It is an object of the present invention to provide an improved method of transmitting radio configuration parameters from a base station to a relay node, an improved base station, an improved relay node, and improved computer readable storage media for a relay node and a base station apparatus.
These objects are achieved by the method, the base station apparatus, the relay node and the computer readable storage media according to the independent claims. Embodiments of the invention are given in the dependent claims.
The invention relates to a method of transmitting radio configuration parameters from a base station to a relay node in a wireless telecommunication system. The method comprises the step of transmitting a signal from the base station to the relay node over an air interface via a protocol. The protocol is adapted to communication between two network nodes. The signal is indicative of the radio configuration parameters and/or at least one unique cell global identity.
The at least one unique cell global identity is unique in the wireless telecommunication network. The at least one cell global identity is used for determining an identifier of the base station. And the identifier of the base station is used for routing signals in the wireless telecommunication network. Preferably, the cell global identity consists of a public land mobile network (PLNM) identifier plus 28 bits. The PLMN identifier plus the leftmost 20 bits of the 28 bits are equal to the relay node identifier. The PLMN identifier is an identifier for the wireless telecommunication network. Each network provider has a corresponding PLMN identifier.

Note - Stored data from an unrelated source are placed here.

(* Let $G$ be a finite group and $H\leq G$. If $x\in G$ and $y\in S_x$, then $H_y=H_x$ and consequently $S_y=S_x$. As a result, for any $x,y\in G$ either $S_x=S_y$ or $S_x\cap S_y=\varnothing$.
   Context: For $x\in G$, $H_x=\bigcap_{i\in\mathbb{Z}}x^iHx^{-i}$ (the largest subgroup of $H$ normalized by $x$) and $S_x=H_x\cdot x\subseteq G$. *)

theory Defs
  imports "HOL-Algebra.Algebra"
begin

definition Hx :: "('a, 'b) monoid_scheme \<Rightarrow> 'a set \<Rightarrow> 'a \<Rightarrow> 'a set" where
  "Hx G H x = (\<Inter>i::int. {x [^]\<^bsub>G\<^esub> i \<otimes>\<^bsub>G\<^esub> h \<otimes>\<^bsub>G\<^esub> inv\<^bsub>G\<^esub> (x [^]\<^bsub>G\<^esub> i) | h. h \<in> H})"

definition Sx :: "('a, 'b) monoid_scheme \<Rightarrow> 'a set \<Rightarrow> 'a \<Rightarrow> 'a set" where
  "Sx G H x = Hx G H x #>\<^bsub>G\<^esub> x"

end

theory Submission
  imports Defs
begin

(* H_x is the intersection of the conjugates x^i H x^-i, hence a subgroup of H normalised by x,
   and it contains every subset of H normalised by x.  If y = k x with k in H_x, then y
   normalises H_x as a product of two elements of its normaliser, so H_x is contained in H_y;
   as x = k^-1 y with k^-1 in H_y, the same argument gives the reverse inclusion. *)

context group
begin

lemma Hx_eq_Inter_conj:
  "Hx G H x = (\<Inter>i::int. x [^] i <# H #> inv (x [^] i))"
  unfolding Hx_def l_coset_def r_coset_def by blast

lemma mem_normalizer_iff:
  assumes "K \<subseteq> carrier G"
  shows "g \<in> normalizer G K \<longleftrightarrow> g \<in> carrier G \<and> g <# K #> inv g = K"
  using assms unfolding normalizer_def stabilizer_def by auto

lemma conj_set_image:
  "g <# S #> inv g = (\<lambda>h. g \<otimes> h \<otimes> inv g) ` S"
  unfolding l_coset_def r_coset_def by auto

lemma conj_set_mult:
  assumes "S \<subseteq> carrier G" "g \<in> carrier G" "h \<in> carrier G"
  shows "g <# (h <# S #> inv h) #> inv g = (g \<otimes> h) <# S #> inv (g \<otimes> h)"
  using assms by (simp add: coset_assoc lcos_m_assoc coset_mult_assoc inv_mult_group l_coset_subset_G)

lemma subgroup_subset_normalizer:
  assumes "subgroup K G"
  shows "K \<subseteq> normalizer G K"
proof
  fix k assume k: "k \<in> K"
  then have kG: "k \<in> carrier G" using subgroup.mem_carrier[OF assms] by blast
  have "k <# K #> inv k = K"
    using coset_join3[OF kG assms k] coset_join2[OF _ assms] subgroup.m_inv_closed[OF assms k] kG
    by simp
  then show "k \<in> normalizer G K"
    using mem_normalizer_iff subgroup.subset[OF assms] kG by blast
qed

lemma Hx_subset:
  assumes "subgroup H G"
  shows "Hx G H x \<subseteq> H"
proof -
  have "Hx G H x \<subseteq> x [^] (0::int) <# H #> inv (x [^] (0::int))"
    unfolding Hx_eq_Inter_conj by (rule INT_lower) simp
  also have "\<dots> = H"
    using subgroup.subset[OF assms] by (simp add: lcos_mult_one)
  finally show ?thesis .
qed

lemma Hx_subgroup:
  assumes "subgroup H G" and "x \<in> carrier G"
  shows "subgroup (Hx G H x) G"
  unfolding Hx_eq_Inter_conj
  using assms by (intro subgroups_Inter) (auto intro: subgroup_conjugation_is_surj2)

lemma subset_Hx_if_mem_normalizer:
  assumes "K \<subseteq> H" and "subgroup H G" and "y \<in> normalizer G K"
  shows "K \<subseteq> Hx G H y"
proof -
  have KG: "K \<subseteq> carrier G" using assms(1) subgroup.subset[OF assms(2)] by blast
  have "K \<subseteq> y [^] i <# H #> inv (y [^] i)" for i :: int
  proof -
    have "y [^] i \<in> normalizer G K"
      using subgroup_int_pow_closed[OF normalizer_imp_subgroup[OF KG] assms(3)] .
    then have "K = y [^] i <# K #> inv (y [^] i)"
      using mem_normalizer_iff[OF KG] by blast
    also have "\<dots> \<subseteq> y [^] i <# H #> inv (y [^] i)"
      using assms(1) unfolding l_coset_def r_coset_def by blast
    finally show ?thesis .
  qed
  then show ?thesis unfolding Hx_eq_Inter_conj by blast
qed

lemma mem_normalizer_Hx:
  assumes "subgroup H G" and x: "x \<in> carrier G"
  shows "x \<in> normalizer G (Hx G H x)"
proof -
  let ?conj = "\<lambda>g S. g <# S #> inv g"
  have HG: "H \<subseteq> carrier G" using subgroup.subset[OF assms(1)] .
  have conjG: "?conj (x [^] i) H \<subseteq> carrier G" for i :: int
    using HG x by (simp add: l_coset_subset_G r_coset_subset_G)
  have "?conj x (Hx G H x) = (\<lambda>h. x \<otimes> h \<otimes> inv x) ` (\<Inter>i::int. ?conj (x [^] i) H)"
    unfolding Hx_eq_Inter_conj conj_set_image ..
  also have "\<dots> = (\<Inter>i::int. ?conj x (?conj (x [^] i) H))"
    unfolding conj_set_image[of x]
    by (rule image_INT[where C = "carrier G"]) (use x conjG in \<open>auto simp: inj_on_def\<close>)
  also have "\<dots> = (\<Inter>i::int. ?conj (x [^] (1 + i)) H)"
    using x HG by (simp add: conj_set_mult int_pow_mult)
  also have "\<dots> = Hx G H x"
    unfolding Hx_eq_Inter_conj by (auto simp: INT_iff) (metis add.commute diff_add_cancel)
  finally show ?thesis
    using mem_normalizer_iff Hx_subgroup[OF assms] subgroup.subset x by blast
qed

lemma Hx_subset_Hx_if_mem_Sx:
  assumes "subgroup H G" and x: "x \<in> carrier G" and "y \<in> Sx G H x"
  shows "Hx G H x \<subseteq> Hx G H y"
proof -
  let ?K = "Hx G H x"
  have K: "subgroup ?K G" using Hx_subgroup[OF assms(1) x] .
  obtain k where k: "k \<in> ?K" and y: "y = k \<otimes> x"
    using assms(3) unfolding Sx_def r_coset_def by blast
  have "k \<in> normalizer G ?K" using subgroup_subset_normalizer[OF K] k ..
  then have "y \<in> normalizer G ?K"
    unfolding y using mem_normalizer_Hx[OF assms(1) x]
    by (rule subgroup.m_closed[OF normalizer_imp_subgroup[OF subgroup.subset[OF K]]])
  then show ?thesis
    using subset_Hx_if_mem_normalizer[OF Hx_subset[OF assms(1)] assms(1)] by blast
qed

lemma Hx_eq_if_mem_Sx:
  assumes "subgroup H G" and x: "x \<in> carrier G" and y: "y \<in> Sx G H x"
  shows "Hx G H y = Hx G H x"
proof
  let ?K = "Hx G H x"
  have K: "subgroup ?K G" using Hx_subgroup[OF assms(1) x] .
  have yG: "y \<in> carrier G"
    using y unfolding Sx_def by (rule subgroup.elemrcos_carrier[OF K is_group x])
  show "?K \<subseteq> Hx G H y" using Hx_subset_Hx_if_mem_Sx[OF assms] .
  have "?K #> y = ?K #> x"
    using repr_independence[OF y[unfolded Sx_def] x K] by simp
  then have "x \<in> Hx G H y #> y"
    using \<open>?K \<subseteq> Hx G H y\<close> rcos_self[OF x K] unfolding r_coset_def by blast
  then show "Hx G H y \<subseteq> ?K"
    using Hx_subset_Hx_if_mem_Sx[OF assms(1) yG] unfolding Sx_def by blast
qed

lemma Sx_eq_if_mem_Sx:
  assumes "subgroup H G" and x: "x \<in> carrier G" and y: "y \<in> Sx G H x"
  shows "Sx G H y = Sx G H x"
  using repr_independence[OF y[unfolded Sx_def] x Hx_subgroup[OF assms(1) x]]
  unfolding Sx_def Hx_eq_if_mem_Sx[OF assms] by simp

end

theorem lemma4p2:
  fixes G :: "('a, 'b) monoid_scheme" and H :: "'a set"
  assumes "group G" and "finite (carrier G)" and "subgroup H G"
  shows "(\<forall>x \<in> carrier G. \<forall>y \<in> Sx G H x. Hx G H y = Hx G H x \<and> Sx G H y = Sx G H x)
       \<and> (\<forall>x \<in> carrier G. \<forall>y \<in> carrier G. Sx G H x = Sx G H y \<or> Sx G H x \<inter> Sx G H y = {})"
proof (rule conjI; intro ballI)
  fix x y assume "x \<in> carrier G" "y \<in> Sx G H x"
  then show "Hx G H y = Hx G H x \<and> Sx G H y = Sx G H x"
    using group.Hx_eq_if_mem_Sx[OF assms(1,3)] group.Sx_eq_if_mem_Sx[OF assms(1,3)] by blast
next
  fix x y assume "x \<in> carrier G" "y \<in> carrier G"
  then show "Sx G H x = Sx G H y \<or> Sx G H x \<inter> Sx G H y = {}"
    using group.Sx_eq_if_mem_Sx[OF assms(1,3)] by blast
qed

end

One cell global identity is assigned to one relay node cell. In other words, more than one cell global identity is transmitted to the relay node, if the relay node serves more than one relay node cell.
The protocol used for transmitting the signal is intentionally adapted to a communication between two network nodes. For example the protocol may be an S1 protocol between an MME (MME=Mobility Management Entity) and an eNB (eNB=enhanced NodeB) in 3GPP LTE (3GPP=3rd Generation Partnership Project; LTE=Long Term Evolution) or an X2 protocol between two eNBs in 3GPP LTE. The protocol is known to the relay node and the base station. Therefore, configuration messages defined in the S1 or X2 protocol are terminated in both the relay node and the base station and may thus be used for transmitting the radio configuration parameters from the base station to the relay node. In other words, the message overhead is reduced and there is no need to define or use a redundant radio message for this. The configuration messages may be a setup configuration messages or an update configuration messages. A setup configuration message is transmitted during a start-up phase of the relay node. An update configuration is transmitted for updating the radio configuration parameters of the relay node.
The configuration may be used by the relay node for communicating with user equipments. The configuration may for example define the type of the relay node. The relay node may be for example an in-band or an out-of-band relay node. An in-band relay node transmits signals with the same frequency as the base station, while an out of band relay node transmits signals with a different frequency than the base station. Additionally, the configuration may comprise the frequency used by the relay node, the subframe configuration, and/or start symbols such as start symbols of a Reverse Physical Downlink Control Channel (R-PDCCH).
The signal being indicative of the radio configuration parameters and of the cell global identity is advantageous, because the signal overhead is reduced. The cell global identity and the radio configuration parameters are required by the relay node for communication in the wireless telecommunication network. Additional messages are avoided by transmitting both of them via the signal over the protocol being intended to be used for communication between two network nodes. The signal may for example be comprised by a configuration setup message or by a configuration update message. Thus, only one message is needed for transmitting the radio configuration parameters and the cell global identity. Additionally, the configuration setup message and/or the configuration update message may comprise further parameters like network configuration parameters. Thus, radio configuration parameters, network configuration parameters and the cell global identity are transmitted by transmitting the configuration setup message and/or the configuration update message.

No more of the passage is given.